View on GitHub

Knative Hands-on Workshop

Why is deploying a Knative service easier than a Kubernetess deployment?

Knative Auto-Scaling

Scale to zero is an interesting feature but without additional tricks (like pre-started containers or pods, which aren’t available in Knative) it can be annoying because users may have to wait until a new pod is started and ready to receive requests. Or it can lead to problems like time-outs in a microservices architecture if a scaled-to-zero service is called by another service and has to be started first and takes some time to start (e.g. traditional Java based service).

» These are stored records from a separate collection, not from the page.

lemma stationary_law_distr:
  fixes M :: "'a measure" and X :: "'a \<Rightarrow> proj" and eps :: "'a \<Rightarrow> real"
  assumes M: "prob_space M" and p: "0 < p" "p < 1"
    and X: "X \<in> measurable M P1" and eps: "eps \<in> borel_measurable M"
    and eps_01: "\<forall>\<omega>\<in>space M. eps \<omega> \<in> {0, 1}"
    and prob_eps: "measure M {\<omega>\<in>space M. eps \<omega> = 1} = p"
    and indep: "\<forall>A\<in>sets P1. \<forall>B\<in>sets (borel :: real measure).
         measure M ({\<omega>\<in>space M. X \<omega> \<in> A} \<inter> {\<omega>\<in>space M. eps \<omega> \<in> B})
         = measure M {\<omega>\<in>space M. X \<omega> \<in> A} * measure M {\<omega>\<in>space M. eps \<omega> \<in> B}"
    and law: "distr M P1 X = distr M P1 (\<lambda>\<omega>. padd (pinv (X \<omega>)) (eps \<omega>))"
  shows "stationary_law (distr M P1 X) p"
proof -
  interpret prob_space M by (fact M)
  let ?Y = "\<lambda>\<omega>. padd (pinv (X \<omega>)) (eps \<omega>)"
  let ?X_in = "\<lambda>A. {\<omega>\<in>space M. X \<omega> \<in> A}" and ?eps_in = "\<lambda>B. {\<omega>\<in>space M. eps \<omega> \<in> B}"
  have X_in: "?X_in A \<in> sets M" if "A \<in> sets P1" for A
    using measurable_sets[OF X that] by (simp add: vimage_def Int_def conj_commute)
  have eps_in: "?eps_in B \<in> sets M" if "B \<in> sets borel" for B
    using measurable_sets[OF eps that] by (simp add: vimage_def Int_def conj_commute)
  have "{\<omega>\<in>space M. eps \<omega> = 0} = space M - ?eps_in {1}" using eps_01 by auto
  then have prob_eps_0: "prob {\<omega>\<in>space M. eps \<omega> = 0} = 1 - p"
    using prob_compl[OF eps_in[of "{1}"]] prob_eps by simp
  have Y: "?Y \<in> measurable M P1"
  proof (rule measurable_cong[THEN iffD1])
    show "(\<lambda>\<omega>. if eps \<omega> = 1 then inv_succ (X \<omega>) else pinv (X \<omega>)) \<in> measurable M P1"
      using X eps by (intro measurable_If measurable_compose[OF X] measurable_inv_succ
          measurable_pinv) measurable
  qed (use eps_01 padd_pinv_zero_one in auto)
  have law_prob: "measure (distr M P1 X) A = prob (?X_in A)" if "A \<in> sets P1" for A
    using measure_distr[OF X that] by (simp add: vimage_def Int_def conj_commute)
  show ?thesis
  proof (intro stationary_law.intro stationary_law_axioms.intro)
    fix S :: "proj set" assume S: "S \<in> sets P1"
    have S_pinv: "pinv -` S \<in> sets P1" and S_inv_succ: "inv_succ -` S \<in> sets P1"
      using measurable_sets[OF measurable_pinv S] measurable_sets[OF measurable_inv_succ S] by simp_all
    have "measure (distr M P1 X) S = prob (?Y -` S \<inter> space M)"
      unfolding law by (rule measure_distr[OF Y S])
    also have "?Y -` S \<inter> space M =
        (?X_in (pinv -` S) \<inter> ?eps_in {0}) \<union> (?X_in (inv_succ -` S) \<inter> ?eps_in {1})"
      using eps_01 padd_pinv_zero_one by auto
    also have "prob \<dots> = prob (?X_in (pinv -` S) \<inter> ?eps_in {0}) + prob (?X_in (inv_succ -` S) \<inter> ?eps_in {1})"
      by (rule finite_measure_Union; (intro sets.Int X_in eps_in S_pinv S_inv_succ)?) auto
    finally have "measure (distr M P1 X) S =
        prob (?X_in (pinv -` S) \<inter> ?eps_in {0}) + prob (?X_in (inv_succ -` S) \<inter> ?eps_in {1})" .
    then show "measure (distr M P1 X) S = (1 - p) * measure (distr M P1 X) (pinv -` S)
        + p * measure (distr M P1 X) (inv_succ -` S)"
      using indep[rule_format, OF S_pinv, of "{0}"] indep[rule_format, OF S_inv_succ, of "{1}"]
      by (simp add: law_prob[OF S_pinv] law_prob[OF S_inv_succ] prob_eps_0 prob_eps)
  qed (use p prob_space_distr[OF X] in simp_all)
qed

context stationary_law
begin

lemma space_eq [simp]: "space mu = UNIV"
  using sets_eq_imp_space_eq[OF sets_eq] by simp

lemma Some_image_in_events: "S \<in> sets borel \<Longrightarrow> Some ` S \<in> events"
  by (simp add: sets_eq Some_image_in_sets_P1)

lemma prob_negative: "prob (Some ` {..<0}) = 0"
proof -
  let ?N = "Some ` {..<0::real}" and ?N1 = "Some ` {-1<..<0::real}"
    and ?N2 = "Some ` {..-1::real}" and ?N3 = "Some ` {-1..<0::real}"
  have "prob ?N = (1 - p) * prob ?N + p * prob ?N1"
    using prob_stationary[OF Some_image_in_sets_P1[of "{..<0}"]]
    by (simp add: vimage_pinv_negative vimage_inv_succ_negative)
  then have "prob ?N1 = prob ?N" using p_pos by (simp add: algebra_simps)
  moreover have "?N = ?N1 \<union> ?N2" by (auto simp: image_iff not_le)
  then have "prob ?N = prob ?N1 + prob ?N2"
    by (simp only:) (rule finite_measure_Union; auto intro: Some_image_in_events)
  ultimately have N2: "prob ?N2 = 0" by simp
  moreover have "prob ?N2 = (1 - p) * prob ?N3 + p * prob (inv_succ -` ?N2)"
    using prob_stationary[OF Some_image_in_sets_P1[of "{..-1}"]]
    by (simp add: vimage_pinv_atMost_minus_one)
  ultimately have "prob ?N3 = 0"
    using p_pos p_less_1 measure_nonneg[of mu ?N3] measure_nonneg[of mu "inv_succ -` ?N2"]
    by (smt (verit) mult_nonneg_nonneg mult_pos_pos)
  moreover have "?N = ?N2 \<union> ?N3" by (auto simp: image_iff)
  then have "prob ?N \<le> prob ?N2 + prob ?N3"
    using measure_subadditive[of ?N2 mu ?N3] by (simp add: Some_image_in_events)
  ultimately show ?thesis using N2 measure_nonneg[of mu ?N] by linarith
qed

lemma prob_zero_infinity: "prob {Some 0} = 0" "prob {None} = 0"
proof -
  have "prob {Some (-1)} \<le> prob (Some ` {..<0})"
    by (rule finite_measure_mono) (auto intro!: Some_image_in_events)
  then have "prob {Some (-1)} = 0" using prob_negative measure_nonneg[of mu "{Some (-1)}"] by linarith
  moreover have "prob {Some 0} = (1 - p) * prob {None} + p * prob {Some (-1)}"
    using prob_stationary[OF Some_image_in_sets_P1[of "{0}"]] by (simp add: vimage_singletons)
  moreover have "prob {None} = (1 - p) * prob {Some 0} + p * prob {Some 0}"
    using prob_stationary[OF None_in_sets_P1] by (simp add: vimage_singletons)
  ultimately show "prob {Some 0} = 0" "prob {None} = 0"
    using p_pos by (auto simp: algebra_simps)
qed

lemma AE_positive: "AE x in mu. x \<in> Some ` {0<..}"
proof -
  have "AE x in mu. x \<notin> Some ` {..<0}"
    using prob_negative by (subst (asm) prob_eq_0) (auto intro: Some_image_in_events)
  moreover have "AE x in mu. x \<notin> {Some 0}"
    using prob_zero_infinity(1) Some_image_in_events[of "{0}"] by (subst (asm) prob_eq_0) auto
  moreover have "AE x in mu. x \<notin> {None}"
    using prob_zero_infinity(2) None_in_sets_P1 by (subst (asm) prob_eq_0) (auto simp: sets_eq)
  ultimately show ?thesis
  proof eventually_elim
    case (elim x)
    then show ?case by (cases x) (auto simp: image_iff linorder_neq_iff)
  qed
qed

lemma AE_the_pos: "AE x in mu. 0 < the x"
  using AE_positive by eventually_elim auto

lemma measurable_pinv_mu: "pinv \<in> measurable mu mu"
  and measurable_inv_succ_mu: "inv_succ \<in> measurable mu mu"
  using measurable_pinv measurable_inv_succ by (simp_all add: measurable_cong_sets[OF sets_eq sets_eq])

lemma borel_measurable_the: "G \<in> borel_measurable borel \<Longrightarrow> (\<lambda>x. G (the x)) \<in> borel_measurable mu"
  using measurable_the_P1 by (simp add: measurable_cong_sets[OF sets_eq refl])

lemma emeasure_stationary:
  assumes "A \<in> events"
  shows "emeasure mu A = ennreal (1 - p) * emeasure mu (pinv -` A) + ennreal p * emeasure mu (inv_succ -` A)"
proof -
  have "emeasure mu A = ennreal ((1 - p) * prob (pinv -` A) + p * prob (inv_succ -` A))"
    using prob_stationary assms by (simp add: emeasure_eq_measure sets_eq)
  also have "\<dots> = ennreal (1 - p) * ennreal (prob (pinv -` A)) + ennreal p * ennreal (prob (inv_succ -` A))"
    using p_pos p_less_1 by (simp add: ennreal_plus ennreal_mult)
  finally show ?thesis by (simp add: emeasure_eq_measure)
qed

lemma nn_integral_stationary:
  assumes "g \<in> borel_measurable mu"
  shows "(\<integral>\<^sup>+x. g x \<partial>mu) = ennreal (1 - p) * (\<integral>\<^sup>+x. g (pinv x) \<partial>mu) + ennreal p * (\<integral>\<^sup>+x. g (inv_succ x) \<partial>mu)"
  using assms
proof (induction rule: borel_measurable_induct)
  case (set A)
  have "(\<integral>\<^sup>+x. indicator A (h x) \<partial>mu) = emeasure mu (h -` A)" if "h \<in> measurable mu mu" for h
    using nn_integral_indicator[OF measurable_sets[OF that set]] by (simp add: indicator_vimage[symmetric])
  then show ?case
    using emeasure_stationary[OF set] measurable_pinv_mu measurable_inv_succ_mu by simp
next
  case (mult u c)
  then show ?case
    using measurable_compose[OF measurable_pinv_mu \<open>u \<in> borel_measurable mu\<close>]
      measurable_compose[OF measurable_inv_succ_mu \<open>u \<in> borel_measurable mu\<close>]
    by (simp add: nn_integral_cmult distrib_left mult.left_commute)
next
  case (add u v)
  then show ?case
    using measurable_compose[OF measurable_pinv_mu \<open>u \<in> borel_measurable mu\<close>]
      measurable_compose[OF measurable_inv_succ_mu \<open>u \<in> borel_measurable mu\<close>]
      measurable_compose[OF measurable_pinv_mu \<open>v \<in> borel_measurable mu\<close>]
      measurable_compose[OF measurable_inv_succ_mu \<open>v \<in> borel_measurable mu\<close>]
    by (simp add: nn_integral_add distrib_left ac_simps)
next
  case (seq U)
  have U_comp: "(\<lambda>x. U i (h x)) \<in> borel_measurable mu" if "h \<in> measurable mu mu" for i and h :: "proj \<Rightarrow> proj"
    using measurable_compose[OF that \<open>U i \<in> borel_measurable mu\<close>] .
  have inc_comp: "incseq (\<lambda>i x. U i (h x))" for h
    using \<open>incseq U\<close> by (auto simp: incseq_def le_fun_def)
  have SUP_comp: "(\<integral>\<^sup>+x. (SUP i. U i) (h x) \<partial>mu) = (SUP i. \<integral>\<^sup>+x. U i (h x) \<partial>mu)"
    if "h \<in> measurable mu mu" for h
    using nn_integral_monotone_convergence_SUP[OF inc_comp U_comp[OF that]] by (simp add: image_comp)
  have "incseq (\<lambda>i. ennreal c * (\<integral>\<^sup>+x. U i (h x) \<partial>mu))" for c h
    using inc_comp[of h] by (auto simp: incseq_def le_fun_def intro!: mult_left_mono nn_integral_mono)
  then show ?case
    using SUP_comp[of id] SUP_comp[OF measurable_pinv_mu] SUP_comp[OF measurable_inv_succ_mu] seq.IH
    by (simp add: SUP_mult_left_ennreal ennreal_SUP_add)
qed simp_all

lemma integral_the_cong:
  assumes "F \<in> borel_measurable borel" "G \<in> borel_measurable borel" "\<And>u. 0 < u \<Longrightarrow> F u = G u"
  shows "(\<integral>x. F (the x) \<partial>mu) = (\<integral>x. G (the x) \<partial>mu)"
    and "integrable mu (\<lambda>x. F (the x)) \<longleftrightarrow> integrable mu (\<lambda>x. G (the x))"
proof -
  have "AE x in mu. F (the x) = G (the x)"
    using AE_the_pos by eventually_elim (use assms(3) in blast)
  then show "(\<integral>x. F (the x) \<partial>mu) = (\<integral>x. G (the x) \<partial>mu)"
    and "integrable mu (\<lambda>x. F (the x)) \<longleftrightarrow> integrable mu (\<lambda>x. G (the x))"
    using assms(1,2) by (simp_all add: borel_measurable_the integral_cong_AE integrable_cong_AE)
qed

lemma integrable_the_bounded:
  fixes G :: "real \<Rightarrow> real"
  assumes "G \<in> borel_measurable borel" "\<And>u. 0 < u \<Longrightarrow> \<bar>G u\<bar> \<le> B"
  shows "integrable mu (\<lambda>x. G (the x))"
proof (rule integrable_const_bound)
  show "AE x in mu. norm (G (the x)) \<le> B"
    using AE_the_pos by eventually_elim (simp add: assms(2))
qed (rule borel_measurable_the[OF assms(1)])

lemma integrable_the_dominated:
  fixes G H :: "real \<Rightarrow> real"
  assumes "G \<in> borel_measurable borel" "integrable mu (\<lambda>x. H (the x))"
    and "\<And>u. 0 < u \<Longrightarrow> \<bar>G u\<bar> \<le> H u"
  shows "integrable mu (\<lambda>x. G (the x))"
proof (rule Bochner_Integration.integrable_bound[OF assms(2)])
  show "AE x in mu. norm (G (the x)) \<le> norm (H (the x))"
    using AE_the_pos by eventually_elim (use assms(3) in force)
qed (rule borel_measurable_the[OF assms(1)])

lemma nn_integral_stationary_the:
  assumes "G \<in> borel_measurable borel"
  shows "(\<integral>\<^sup>+x. ennreal (G (the x)) \<partial>mu) = ennreal (1 - p) * (\<integral>\<^sup>+x. ennreal (G (1 / the x)) \<partial>mu)
     + ennreal p * (\<integral>\<^sup>+x. ennreal (G (1 / the x + 1)) \<partial>mu)"
proof -
  have "(\<integral>\<^sup>+x. ennreal (G (the (pinv x))) \<partial>mu) = (\<integral>\<^sup>+x. ennreal (G (1 / the x)) \<partial>mu)"
    and "(\<integral>\<^sup>+x. ennreal (G (the (inv_succ x))) \<partial>mu) = (\<integral>\<^sup>+x. ennreal (G (1 / the x + 1)) \<partial>mu)"
    by (intro nn_integral_cong_AE; use AE_positive in \<open>eventually_elim, force simp: inv_succ_def\<close>)+
  moreover have "(\<lambda>x. ennreal (G (the x))) \<in> borel_measurable mu"
    using borel_measurable_the[OF assms] by simp
  ultimately show ?thesis
    using nn_integral_stationary by simp
qed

On the other hand, if our application / microservice is hit hard with many requests, a single pod may not be sufficient to serve them and we may need to scale up. And preferably scale up and down automatically.

Auto-scaling is accomplished by simply adding a few annotation statements to the Knative Service description, service-v3-scaling.yaml:

apiVersion: serving.knative.dev/v1
kind: Service
metadata:
  name: helloworld
spec:
  template:
    metadata:
      name: helloworld-v3
      annotations:
        # the minimum number of pods to scale down to
        autoscaling.knative.dev/minScale: "1"
        # the maximum number of pods to scale up to
        autoscaling.knative.dev/maxScale: "5"
        # Target in-flight-requests per pod.
        autoscaling.knative.dev/target: "1"
    spec:
      containers:
        - image: docker.io/ibmcom/kn-helloworld
          env:
            - name: TARGET
              value: "HelloWorld Sample v3 -- Scaling"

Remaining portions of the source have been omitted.